ACTION ITEM: Which lines of the entries below run from the one holding "using m ab unfolding Ai_Aj_Bi_Bj_Gi_Gj_def by" to the one holding "using gap sums", inclusive? Set down exactly those lines and no others.

RECORDS TO USE:
/---

lemma triple_product_edge_shift:
  assumes "a \<in> {i, j}" "b \<in> {i, j}"
  shows "(p j - p i) \<bullet> ((p k - p a) \<times> (p l - p b)) =
    (p j - p i) \<bullet> ((p k - p i) \<times> (p l - p i))"
  using assms by (auto simp: cross3_simps)

lemma edges_at_edge:
  assumes "i < 4" "j < 4" "k < 4" "l < 4" "distinct [i, j, k, l]" "a \<in> {i, j}" "b \<in> {i, j}"
  shows "is_edge (edge_between i j)" "is_edge (edge_between a k)" "is_edge (edge_between b l)"
    "distinct [edge_between i j, edge_between a k, edge_between b l]"
  using assms by (auto simp: is_edge_edge_between edge_between_eq_iff doubleton_eq_iff)

lemma edge_matrix_at_edge:
  assumes tet: "tetrahedron p" and idx: "i < 4" "j < 4" "k < 4" "l < 4" "distinct [i, j, k, l]"
    and ab: "a \<in> {i, j}" "b \<in> {i, j}"
  defines "\<delta> \<equiv> sin (dihedral_angle p i j k l) * sin (vangle (p j - p i) (p k - p a)) *
      sin (vangle (p j - p i) (p l - p b))"
    and "L \<equiv> edge_len p (edge_between i j) * edge_len p (edge_between a k) *
      edge_len p (edge_between b l)"
  shows "\<bar>det (edge_matrix p (edge_between i j) (edge_between a k) (edge_between b l))\<bar> = \<delta>"
    and "tet_volume p = \<delta> * L / 6"
proof -
  have distinct_vertices: "p x \<noteq> p y" if "x \<in> {i, j, k, l}" "y \<in> {i, j, k, l}" "x \<noteq> y" for x y
    using that idx inj_on_contraD[OF tetrahedron_inj_on[OF tet], of x y] by auto
  have L_eq: "L = norm (p j - p i) * norm (p k - p a) * norm (p l - p b)"
    by (simp add: L_def edge_len_edge_between)
  have "L > 0"
    unfolding L_eq using ab idx distinct_vertices by auto
  have cross: "(p j - p i) \<times> (p k - p a) = (p j - p i) \<times> (p k - p i)"
    "(p j - p i) \<times> (p l - p b) = (p j - p i) \<times> (p l - p i)"
    using ab cross3_diff_shift[where a = "p i" and b = "p j"] by auto
  have triple: "\<bar>(p j - p i) \<bullet> ((p k - p a) \<times> (p l - p b))\<bar> = L * \<delta>"
    using abs_triple_product_eq_sin_vangle[of "p j - p i" "p k - p a" "p l - p b"] idx
      dihedral_angle_eq_vangle_cross3[of p j i k l] distinct_vertices[of j i]
    unfolding L_eq \<delta>_def cross by (simp add: ac_simps)
  then have "L * \<bar>det (edge_matrix p (edge_between i j) (edge_between a k) (edge_between b l))\<bar> = L * \<delta>"
    using abs_det_edge_matrix_edge_between[of p i j a k b l] by (simp add: L_def mult.commute)
  then show "\<bar>det (edge_matrix p (edge_between i j) (edge_between a k) (edge_between b l))\<bar> = \<delta>"
    using \<open>L > 0\<close> by simp
  show "tet_volume p = \<delta> * L / 6"
    using tet_volume_eq_triple_product[OF tet idx] triple triple_product_edge_shift[OF ab]
    by simp
qed
lemma card_non_edge_triples_le:
  fixes \<gamma> :: real
  assumes "finite A" "finite B" "finite C" "0 \<le> \<gamma>" and dense: "1 - \<gamma> \<le> density EF A B C"
  shows "card (non_edge_triples EF A B C) \<le> \<gamma> * (card A * card B * card C)"
proof -
  let ?D = "distinct_triples A B C" and ?Et = "edge_triples EF A B C"
  have D_sub: "?D \<subseteq> A \<times> B \<times> C" by (auto simp: distinct_triples_def)
  then have fin: "finite ?D" using assms(1-3) by (auto intro: finite_subset)
  have Et_sub: "?Et \<subseteq> ?D" by (auto simp: edge_triples_def)
  have "card (?D - ?Et) \<le> \<gamma> * card ?D"
  proof (cases "card ?D = 0")
    case True
    then show ?thesis using fin by simp
  next
    case False
    then have "(1 - \<gamma>) * card ?D \<le> card ?Et"
      using dense by (simp add: Defs.density_def field_simps)
    moreover have "card ?Et \<le> card ?D" using Et_sub fin by (rule card_mono[rotated])
    ultimately show ?thesis
      using Et_sub fin by (simp add: card_Diff_subset finite_subset of_nat_diff algebra_simps)
  qed
  also have "\<dots> \<le> \<gamma> * (card A * card B * card C)"
    using card_mono[OF _ D_sub] assms
    by (intro mult_left_mono) (simp_all add: card_cartesian_product flip: of_nat_mult)
  finally show ?thesis by (simp add: non_edge_triples_def)
qed

definition random_blowup_map ::
  "nat \<Rightarrow> nat \<Rightarrow> (nat \<Rightarrow> 'a set) \<Rightarrow> (nat \<times> nat \<Rightarrow> 'a) pmf" where
  "random_blowup_map chi m V = Pi_pmf (H_verts chi m) undefined (\<lambda>v. pmf_of_set (V (fst v)))"

definition good_blowup_map ::
  "nat \<Rightarrow> nat \<Rightarrow> (nat \<Rightarrow> 'a set) \<Rightarrow> 'a set set \<Rightarrow> (nat \<times> nat \<Rightarrow> 'a) \<Rightarrow> bool" where
  "good_blowup_map chi m V EF f \<longleftrightarrow>
     (\<forall>i<chi. \<forall>a<m. f (i, a) \<in> V i) \<and>
     (\<forall>i<chi. \<forall>a<m. \<forall>b<m. a \<noteq> b \<longrightarrow> f (i, a) \<noteq> f (i, b)) \<and>
     (\<forall>i j a b c. i < j \<and> j < chi \<and> a < m \<and> b < m \<and> c < m \<and> a \<noteq> b \<longrightarrow>
        (f (i, a), f (i, b), f (j, c)) \<notin> non_edge_triples EF (V i) (V i) (V j))"

lemma random_blowup_map_into:
  assumes "\<forall>i<chi. finite (V i) \<and> V i \<noteq> {}"
    and "f \<in> set_pmf (random_blowup_map chi m V)" "i < chi" "a < m"
  shows "f (i, a) \<in> V i"
  using assms by (auto simp: random_blowup_map_def set_Pi_pmf H_verts_def PiE_dflt_def)

lemma prob_random_blowup_map_collision:
  assumes "\<forall>i<chi. finite (V i) \<and> V i \<noteq> {}"
    and "i < chi" "a < m" "b < m" "a \<noteq> b"
  shows "measure_pmf.prob (random_blowup_map chi m V) {f. f (i, a) = f (i, b)} = 1 / card (V i)"
  unfolding random_blowup_map_def
  by (subst prob_Pi_pmf_of_set_collision) (use assms in \<open>auto simp: H_verts_def\<close>)

lemma prob_random_blowup_map_non_edge:
  fixes \<gamma> :: real
  assumes "\<forall>i<chi. finite (V i) \<and> V i \<noteq> {}"
    and "0 \<le> \<gamma>" "1 - \<gamma> \<le> density EF (V i) (V i) (V j)"
    and "i < j" "j < chi" "a < m" "b < m" "c < m" "a \<noteq> b"
  shows "measure_pmf.prob (random_blowup_map chi m V)
      {f. (f (i, a), f (i, b), f (j, c)) \<in> non_edge_triples EF (V i) (V i) (V j)} \<le> \<gamma>"
proof -
  let ?NE = "non_edge_triples EF (V i) (V i) (V j)"
  have "?NE \<subseteq> V i \<times> V i \<times> V j" by (auto simp: non_edge_triples_def distinct_triples_def)
  then have "measure_pmf.prob (random_blowup_map chi m V) {f. (f (i, a), f (i, b), f (j, c)) \<in> ?NE}
      = card ?NE / (card (V i) * card (V i) * card (V j))"
    unfolding random_blowup_map_def
    by (subst prob_Pi_pmf_of_set_triple) (use assms in \<open>auto simp: H_verts_def\<close>)
  also have "\<dots> \<le> \<gamma>"
    using card_non_edge_triples_le[of "V i" "V i" "V j" \<gamma> EF] assms
    by (simp add: divide_le_eq card_gt_0_iff)
  finally show ?thesis .
qed

lemma ex_good_blowup_map:
  fixes V :: "nat \<Rightarrow> 'a set" and \<gamma> :: real
  assumes "0 < \<gamma>" and fin: "\<And>i. i < chi \<Longrightarrow> finite (V i)"
    and large: "\<And>i. i < chi \<Longrightarrow> 1 \<le> \<gamma> * card (V i)"
    and dense: "\<And>i j. i < j \<Longrightarrow> j < chi \<Longrightarrow> 1 - \<gamma> \<le> density EF (V i) (V i) (V j)"
    and small: "real (chi * m * m + chi * chi * m * m * m) * \<gamma> < 1"
  shows "\<exists>f. good_blowup_map chi m V EF f"
proof -
  define events where
    "events = {..<chi} \<times> {..<m} \<times> {..<m} <+> {..<chi} \<times> {..<chi} \<times> {..<m} \<times> {..<m} \<times> {..<m}"
  define Bad :: "nat \<times> nat \<times> nat + nat \<times> nat \<times> nat \<times> nat \<times> nat \<Rightarrow> (nat \<times> nat \<Rightarrow> 'a) set"
    where "Bad = case_sum (\<lambda>(i, a, b). if a \<noteq> b then {f. f (i, a) = f (i, b)} else {})
      (\<lambda>(i, j, a, b, c). if i < j \<and> a \<noteq> b
         then {f. (f (i, a), f (i, b), f (j, c)) \<in> non_edge_triples EF (V i) (V i) (V j)} else {})"
  have "finite events" by (simp add: events_def)
  moreover have "card events * \<gamma> < 1"
    using small by (simp add: events_def card_Plus card_cartesian_product mult.assoc)
  moreover have V: "\<forall>i<chi. finite (V i) \<and> V i \<noteq> {}"
    using fin large by fastforce
  have "measure_pmf.prob (random_blowup_map chi m V) (Bad e) \<le> \<gamma>" if "e \<in> events" for e
  proof (cases e)
    case (Inl e1)
    with that obtain i a b where "e1 = (i, a, b)" "i < chi" "a < m" "b < m"
      by (auto simp: events_def)
    then show ?thesis
      using Inl prob_random_blowup_map_collision[OF V] large V \<open>0 < \<gamma>\<close>
      by (simp add: Bad_def divide_le_eq mult.commute)
  next
    case (Inr e2)
    with that obtain i j a b c where "e2 = (i, j, a, b, c)" "j < chi" "a < m" "b < m" "c < m"
      by (auto simp: events_def)
    then show ?thesis
      using Inr prob_random_blowup_map_non_edge[OF V] dense \<open>0 < \<gamma>\<close>
      by (simp add: Bad_def)
  qed
  ultimately obtain f where f: "f \<in> set_pmf (random_blowup_map chi m V)"
      and avoids: "\<forall>e\<in>events. f \<notin> Bad e"
    using ex_in_set_pmf_avoiding_events by blast
  have "f (i, a) \<in> V i" if "i < chi" "a < m" for i a
    using random_blowup_map_into[OF V f that] .
  moreover have "f (i, a) \<noteq> f (i, b)" if "i < chi" "a < m" "b < m" "a \<noteq> b" for i a b
    using avoids[rule_format, of "Inl (i, a, b)"] that by (simp add: Bad_def events_def InlI)
  moreover have "(f (i, a), f (i, b), f (j, c)) \<notin> non_edge_triples EF (V i) (V i) (V j)"
    if "i < j" "j < chi" "a < m" "b < m" "c < m" "a \<noteq> b" for i j a b c
    using avoids[rule_format, of "Inr (i, j, a, b, c)"] that by (simp add: Bad_def events_def InrI)
  ultimately have "good_blowup_map chi m V EF f"
    unfolding good_blowup_map_def by blast
  then show ?thesis by blast
qed
text \<open>The constraints of one direction s, homogenised by w: p = (c_i, l_i, c_j, l_j),
  \<alpha> = u_{i,j}, \<beta> = u_{j,i}, mi = lb_i, mj = lb_j; the formulation itself is the case w = 1.\<close>

definition slice_cone ::
    "real \<Rightarrow> real \<Rightarrow> real \<Rightarrow> real \<Rightarrow> real \<times> real \<times> real \<times> real \<Rightarrow> real \<Rightarrow> real \<Rightarrow> bool" where
  "slice_cone L mi mj w p \<alpha> \<beta> \<longleftrightarrow> (case p of (ci, li, cj, lj) \<Rightarrow>
     li/2 + mj*\<beta> \<le> ci \<and> ci \<le> w*L - li/2 - mj*\<alpha> \<and> lj/2 + mi*\<alpha> \<le> cj \<and> cj \<le> w*L - lj/2 - mi*\<beta>
     \<and> ci + li/2 \<le> cj - lj/2 + L*(w - \<alpha>) \<and> cj + lj/2 \<le> ci - li/2 + L*(w - \<beta>)
     \<and> li \<ge> w*mi \<and> lj \<ge> w*mj)"

text \<open>The same cone in gap coordinates: ei = c_i - l_i/2 and fi = w L - c_i - l_i/2 are the free
  space to the left and to the right of box i, and likewise ej, fj for box j.\<close>

definition gap_cone ::
    "real \<Rightarrow> real \<Rightarrow> real \<Rightarrow> real \<Rightarrow> real \<Rightarrow> real \<Rightarrow> real \<Rightarrow> real \<Rightarrow> real \<Rightarrow> real \<Rightarrow> bool" where
  "gap_cone L mi mj w \<alpha> \<beta> ei fi ej fj \<longleftrightarrow>
     \<beta>*mj \<le> ei \<and> \<alpha>*mj \<le> fi \<and> \<alpha>*mi \<le> ej \<and> \<beta>*mi \<le> fj
     \<and> ei + fi \<le> w*(L - mi) \<and> ej + fj \<le> w*(L - mj) \<and> \<alpha>*L \<le> ej + fi \<and> \<beta>*L \<le> ei + fj"

lemma slice_cone_iff_gap_cone:
  "slice_cone L mi mj w (ci, li, cj, lj) \<alpha> \<beta> \<longleftrightarrow>
     gap_cone L mi mj w \<alpha> \<beta> (ci - li/2) (w*L - ci - li/2) (cj - lj/2) (w*L - cj - lj/2)"
  unfolding slice_cone_def gap_cone_def by (auto simp: algebra_simps)

lemma gap_cone_decompose:
  fixes L mi mj a b ei fi ej fj :: real
  assumes m: "0 \<le> mi" "0 \<le> mj" "mi + mj \<le> L" and ab: "0 \<le> a" "0 \<le> b" "a + b \<le> 1"
    and gap: "gap_cone L mi mj 1 a b ei fi ej fj"
  obtains Aei Afi Aej Afj Bei Bfi Bej Bfj Gei Gfi Gej Gfj where
    "gap_cone L mi mj a a 0 Aei Afi Aej Afj" "gap_cone L mi mj b 0 b Bei Bfi Bej Bfj"
    "gap_cone L mi mj (1 - a - b) 0 0 Gei Gfi Gej Gfj"
    "ei = Aei + Bei + Gei" "fi = Afi + Bfi + Gfi" "ej = Aej + Bej + Gej" "fj = Afj + Bfj + Gfj"
proof -
  define g where "g = 1 - a - b"
  define Ai Aj Bi Bj Gi Gj where "Ai = a*(L - mi)" "Aj = a*(L - mj)" "Bi = b*(L - mi)"
    "Bj = b*(L - mj)" "Gi = g*(L - mi)" "Gj = g*(L - mj)"
  have sums: "Ai + Bi + Gi = L - mi" "Aj + Bj + Gj = L - mj"
    unfolding Ai_Aj_Bi_Bj_Gi_Gj_def g_def by (simp_all add: algebra_simps)
  have nonneg: "0 \<le> Ai" "0 \<le> Aj" "0 \<le> Bi" "0 \<le> Bj" "0 \<le> Gi" "0 \<le> Gj"
    using m ab unfolding Ai_Aj_Bi_Bj_Gi_Gj_def g_def by simp_all
  have lower: "a*mj \<le> Ai" "a*mi \<le> Aj" "b*mj \<le> Bi" "b*mi \<le> Bj"
    using m ab unfolding Ai_Aj_Bi_Bj_Gi_Gj_def by (simp_all add: mult_left_mono)
  have scaled_L: "a*L = Ai + a*mi" "a*L = Aj + a*mj" "b*L = Bi + b*mi" "b*L = Bj + b*mj"
    unfolding Ai_Aj_Bi_Bj_Gi_Gj_def by (simp_all add: algebra_simps)
  have "0 \<le> a*(L - mi - mj)" "0 \<le> b*(L - mi - mj)"
    using m ab by simp_all
  then have joint: "a*L \<le> Ai + Aj" "b*L \<le> Bi + Bj"
    unfolding Ai_Aj_Bi_Bj_Gi_Gj_def by (simp_all add: algebra_simps)
  \<comment> \<open>Greedy filling: the branch "i before j" first takes what it can of the gaps fi, ej
    between the boxes, "j before i" of ei, fj; each then takes what it can of the remaining
    two gaps, and the rest is left to the "no separation" piece.\<close>
  define Afi Aej Bei Bfj where "Afi = min fi Ai" "Aej = min ej Aj" "Bei = min ei Bi" "Bfj = min fj Bj"
  define Aei Bfi Afj Bej where "Aei = min (ei - Bei) (Ai - Afi)" "Bfi = min (fi - Afi) (Bi - Bei)"
    "Afj = min (fj - Bfj) (Aj - Aej)" "Bej = min (ej - Aej) (Bj - Bfj)"
  have "gap_cone L mi mj a a 0 Aei Afi Aej Afj" "gap_cone L mi mj b 0 b Bei Bfi Bej Bfj"
    "gap_cone L mi mj g 0 0 (ei - Aei - Bei) (fi - Afi - Bfi) (ej - Aej - Bej) (fj - Afj - Bfj)"
    using gap sums nonneg lower scaled_L joint
    unfolding gap_cone_def Afi_Aej_Bei_Bfj_def Aei_Bfi_Afj_Bej_def Ai_Aj_Bi_Bj_Gi_Gj_def[symmetric]
    by (auto simp: min_def)
  then show ?thesis
    using that unfolding g_def by fastforce
qed

lemma slice_cone_decompose:
  assumes m: "0 \<le> mi" "0 \<le> mj" "mi + mj \<le> L" and ab: "0 \<le> a" "0 \<le> b" "a + b \<le> 1"
    and p: "slice_cone L mi mj 1 p a b"
  obtains PA PB PG where "slice_cone L mi mj a PA a 0" "slice_cone L mi mj b PB 0 b"
    "slice_cone L mi mj (1 - a - b) PG 0 0" "p = PA + PB + PG"
proof -
  obtain ci li cj lj where p_eq: "p = (ci, li, cj, lj)"
    by (cases p) auto
  let ?slice = "\<lambda>w e f e' f'. ((e + w*L - f)/2, w*L - e - f, (e' + w*L - f')/2, w*L - e' - f')"
  have slice_cone_gaps: "slice_cone L mi mj w (?slice w e f e' f') \<alpha> \<beta> \<longleftrightarrow> gap_cone L mi mj w \<alpha> \<beta> e f e' f'"
    for w e f e' f' \<alpha> \<beta>
    by (simp add: slice_cone_iff_gap_cone field_simps)
  from p have "gap_cone L mi mj 1 a b (ci - li/2) (L - ci - li/2) (cj - lj/2) (L - cj - lj/2)"
    by (simp add: p_eq slice_cone_iff_gap_cone)
  then obtain Aei Afi Aej Afj Bei Bfi Bej Bfj Gei Gfi Gej Gfj where
    A: "gap_cone L mi mj a a 0 Aei Afi Aej Afj" and B: "gap_cone L mi mj b 0 b Bei Bfi Bej Bfj"
    and G: "gap_cone L mi mj (1 - a - b) 0 0 Gei Gfi Gej Gfj"
    and sums: "ci - li/2 = Aei + Bei + Gei" "L - ci - li/2 = Afi + Bfi + Gfi"
      "cj - lj/2 = Aej + Bej + Gej" "L - cj - lj/2 = Afj + Bfj + Gfj"
    by (rule gap_cone_decompose[OF m ab])
  have "p = ?slice a Aei Afi Aej Afj + ?slice b Bei Bfi Bej Bfj + ?slice (1 - a - b) Gei Gfi Gej Gfj"
    using sums by (simp add: p_eq field_simps)
  with A B G that show ?thesis
    unfolding slice_cone_gaps[symmetric] by blast
qed

lemma slice_cone_add:
  assumes "slice_cone L mi mj w p \<alpha> \<beta>" "slice_cone L mi mj w' p' \<alpha>' \<beta>'"
  shows "slice_cone L mi mj (w + w') (p + p') (\<alpha> + \<alpha>') (\<beta> + \<beta>')"
  using assms by (cases p, cases p') (auto simp: slice_cone_def algebra_simps add_divide_distrib)

lemma slice_cone_scaleR:
  assumes "0 \<le> t" "slice_cone L mi mj w p \<alpha> \<beta>"
  shows "slice_cone L mi mj (t*w) (t *\<^sub>R p) (t*\<alpha>) (t*\<beta>)"
proof -
  obtain ci li cj lj where p: "p = (ci, li, cj, lj)"
    by (cases p) auto
  have "t*(li/2 + mj*\<beta>) \<le> t*ci" "t*ci \<le> t*(w*L - li/2 - mj*\<alpha>)"
    "t*(lj/2 + mi*\<alpha>) \<le> t*cj" "t*cj \<le> t*(w*L - lj/2 - mi*\<beta>)"
    "t*(ci + li/2) \<le> t*(cj - lj/2 + L*(w - \<alpha>))" "t*(cj + lj/2) \<le> t*(ci - li/2 + L*(w - \<beta>))"
    "t*(w*mi) \<le> t*li" "t*(w*mj) \<le> t*lj"
    using assms unfolding p slice_cone_def by (auto intro: mult_left_mono)
  then show ?thesis
    unfolding p slice_cone_def by (simp add: algebra_simps)
qed

lemma slice_cone_zero:
  assumes "0 \<le> mi" "0 \<le> mj" "slice_cone L mi mj 0 p 0 0"
  shows "p = 0"
  using assms by (cases p) (auto simp: slice_cone_def zero_prod_def)

lemma slice_cone_branch_nonempty:
  assumes "0 \<le> mi" "0 \<le> mj" "mi + mj \<le> L" "(\<alpha>, \<beta>) \<in> {(1, 0), (0, 1), (0, 0)}"
  shows "\<exists>p. slice_cone L mi mj 1 p \<alpha> \<beta>"
proof -
  have "slice_cone L mi mj 1 (if \<beta> = 1 then (L - mi/2, mi, mj/2, mj) else (mi/2, mi, L - mj/2, mj)) \<alpha> \<beta>"
    using assms by (auto simp: slice_cone_def)
  then show ?thesis ..
qed

lemma slice_cone_dehomogenize:
  assumes m: "0 \<le> mi" "0 \<le> mj" "mi + mj \<le> L" and branch: "(\<alpha>, \<beta>) \<in> {(1, 0), (0, 1), (0, 0)}"
    and t: "0 \<le> t" and H: "slice_cone L mi mj t H (t*\<alpha>) (t*\<beta>)"
  shows "\<exists>P. slice_cone L mi mj 1 P \<alpha> \<beta> \<and> H = t *\<^sub>R P"
proof (cases "t = 0")
  case True
  with m H have "H = 0"
    by (auto intro: slice_cone_zero)
  with True slice_cone_branch_nonempty[OF m branch] show ?thesis
    by auto
next
  case False
  with t have "t > 0" by simp
  with slice_cone_scaleR[of "1/t", OF _ H] have "slice_cone L mi mj 1 ((1/t) *\<^sub>R H) \<alpha> \<beta>"
    by simp
  moreover have "H = t *\<^sub>R ((1/t) *\<^sub>R H)"
    using \<open>t > 0\<close> by simp
  ultimately show ?thesis
    by blast
qed

lemma slice_cone_convex_decompose:
  assumes m: "0 \<le> mi" "0 \<le> mj" "mi + mj \<le> L" and ab: "0 \<le> a" "0 \<le> b" "a + b \<le> 1"
    and p: "slice_cone L mi mj 1 p a b"
  obtains PA PB PG where "slice_cone L mi mj 1 PA 1 0" "slice_cone L mi mj 1 PB 0 1"
    "slice_cone L mi mj 1 PG 0 0" "p = a *\<^sub>R PA + b *\<^sub>R PB + (1 - a - b) *\<^sub>R PG"
proof -
  obtain HA HB HG where HA: "slice_cone L mi mj a HA a 0" and HB: "slice_cone L mi mj b HB 0 b"
    and HG: "slice_cone L mi mj (1 - a - b) HG 0 0" and p_eq: "p = HA + HB + HG"
    by (rule slice_cone_decompose[OF m ab p])
  have HA': "slice_cone L mi mj a HA (a*1) (a*0)" and HB': "slice_cone L mi mj b HB (b*0) (b*1)"
    and HG': "slice_cone L mi mj (1 - a - b) HG ((1 - a - b)*0) ((1 - a - b)*0)"
    using HA HB HG by simp_all
  obtain PA where "slice_cone L mi mj 1 PA 1 0" "HA = a *\<^sub>R PA"
    using slice_cone_dehomogenize[OF m _ ab(1) HA'] by blast
  moreover obtain PB where "slice_cone L mi mj 1 PB 0 1" "HB = b *\<^sub>R PB"
    using slice_cone_dehomogenize[OF m _ ab(2) HB'] by blast
  moreover obtain PG where "slice_cone L mi mj 1 PG 0 0" "HG = (1 - a - b) *\<^sub>R PG"
    using slice_cone_dehomogenize[OF m _ _ HG'] ab(3) by fastforce
  ultimately show ?thesis
    using p_eq that by blast
qed

definition slice :: "point \<Rightarrow> dir \<Rightarrow> real \<times> real \<times> real \<times> real" where
  "slice x s = (fst x $ BI $ s, fst (snd x) $ BI $ s, fst x $ BJ $ s, fst (snd x) $ BJ $ s)"

definition point_of_slices :: "(dir \<Rightarrow> real \<times> real \<times> real \<times> real) \<Rightarrow> uvec \<Rightarrow> point" where
  "point_of_slices P u =
     ((\<chi> k s. if k = BI then fst (P s) else fst (snd (snd (P s)))),
      (\<chi> k s. if k = BI then fst (snd (P s)) else snd (snd (snd (P s)))), u)"

lemma slice_point_of_slices [simp]: "slice (point_of_slices P u) s = P s"
  by (simp add: slice_def point_of_slices_def)

lemma snd_snd_point_of_slices [simp]: "snd (snd (point_of_slices P u)) = u"
  by (simp add: point_of_slices_def)

lemma slice_add [simp]: "slice (x + y) s = slice x s + slice y s"
  by (simp add: slice_def)

lemma slice_scaleR [simp]: "slice (t *\<^sub>R x) s = t *\<^sub>R slice x s"
  by (simp add: slice_def)

lemma slice_sum [simp]: "slice (\<Sum>k\<in>A. f k) s = (\<Sum>k\<in>A. slice (f k) s)"
  by (simp add: slice_def prod_eq_iff fst_sum snd_sum)

lemma point_eqI:
  assumes "\<And>s. slice x s = slice y s" "snd (snd x) = snd (snd y)"
  shows "x = y"
proof -
  have "fst x = fst y" "fst (snd x) = fst (snd y)"
    using assms(1) by (auto simp: slice_def vec_eq_iff all_box)
  with assms(2) show ?thesis
    by (simp add: prod_eq_iff)
qed

lemma lin_constraints_iff_slice_cone:
  "lin_constraints L lb x \<longleftrightarrow>
     (\<forall>s. slice_cone (L s) (lb BI s) (lb BJ s) 1 (slice x s) (snd (snd x) $ s $ BI) (snd (snd x) $ s $ BJ))
     \<and> snd (snd x) $ DX $ BI + snd (snd x) $ DX $ BJ + snd (snd x) $ DY $ BI + snd (snd x) $ DY $ BJ = 1"
  by (cases x) (auto simp: lin_constraints_def slice_cone_def slice_def all_box)

lemma convex_relaxation: "convex (relaxation L lb)"
proof (rule convexI)
  fix x y :: point and t t' :: real
  assume x: "x \<in> relaxation L lb" and y: "y \<in> relaxation L lb"
    and t: "0 \<le> t" "0 \<le> t'" "t + t' = 1"
  let ?K = "\<lambda>s w p \<alpha> \<beta>. slice_cone (L s) (lb BI s) (lb BJ s) w p \<alpha> \<beta>"
  let ?u = "\<lambda>z s p. snd (snd z) $ s $ p"
  have "?K s (t*1 + t'*1) (t *\<^sub>R slice x s + t' *\<^sub>R slice y s)
      (t * ?u x s BI + t' * ?u y s BI) (t * ?u x s BJ + t' * ?u y s BJ)" for s
    using x y t by (intro slice_cone_add slice_cone_scaleR) (auto simp: relaxation_def lin_constraints_iff_slice_cone)
  moreover have "0 \<le> t * ?u x s p + t' * ?u y s p \<and> t * ?u x s p + t' * ?u y s p \<le> 1" for s p
    using x y t by (auto simp: relaxation_def intro!: convex_bound_le)
  moreover have "t * ?u x DX BI + t' * ?u y DX BI + (t * ?u x DX BJ + t' * ?u y DX BJ)
      + (t * ?u x DY BI + t' * ?u y DY BI) + (t * ?u x DY BJ + t' * ?u y DY BJ) = 1"
  proof -
    have "?u x DX BI + ?u x DX BJ + ?u x DY BI + ?u x DY BJ = 1"
      "?u y DX BI + ?u y DX BJ + ?u y DY BI + ?u y DY BJ = 1"
      using x y by (auto simp: relaxation_def lin_constraints_iff_slice_cone)
    then have "t * (?u x DX BI + ?u x DX BJ + ?u x DY BI + ?u x DY BJ)
        + t' * (?u y DX BI + ?u y DX BJ + ?u y DY BI + ?u y DY BJ) = 1"
      using t by simp
    then show ?thesis
      by (simp add: algebra_simps)
  qed
  ultimately show "t *\<^sub>R x + t' *\<^sub>R y \<in> relaxation L lb"
    using t by (simp add: relaxation_def lin_constraints_iff_slice_cone)
qed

\---

ANSWER TO THIS TASK:
    using m ab unfolding Ai_Aj_Bi_Bj_Gi_Gj_def by (simp_all add: mult_left_mono)
  have scaled_L: "a*L = Ai + a*mi" "a*L = Aj + a*mj" "b*L = Bi + b*mi" "b*L = Bj + b*mj"
    unfolding Ai_Aj_Bi_Bj_Gi_Gj_def by (simp_all add: algebra_simps)
  have "0 \<le> a*(L - mi - mj)" "0 \<le> b*(L - mi - mj)"
    using m ab by simp_all
  then have joint: "a*L \<le> Ai + Aj" "b*L \<le> Bi + Bj"
    unfolding Ai_Aj_Bi_Bj_Gi_Gj_def by (simp_all add: algebra_simps)
  \<comment> \<open>Greedy filling: the branch "i before j" first takes what it can of the gaps fi, ej
    between the boxes, "j before i" of ei, fj; each then takes what it can of the remaining
    two gaps, and the rest is left to the "no separation" piece.\<close>
  define Afi Aej Bei Bfj where "Afi = min fi Ai" "Aej = min ej Aj" "Bei = min ei Bi" "Bfj = min fj Bj"
  define Aei Bfi Afj Bej where "Aei = min (ei - Bei) (Ai - Afi)" "Bfi = min (fi - Afi) (Bi - Bei)"
    "Afj = min (fj - Bfj) (Aj - Aej)" "Bej = min (ej - Aej) (Bj - Bfj)"
  have "gap_cone L mi mj a a 0 Aei Afi Aej Afj" "gap_cone L mi mj b 0 b Bei Bfi Bej Bfj"
    "gap_cone L mi mj g 0 0 (ei - Aei - Bei) (fi - Afi - Bfi) (ej - Aej - Bej) (fj - Afj - Bfj)"
    using gap sums nonneg lower scaled_L joint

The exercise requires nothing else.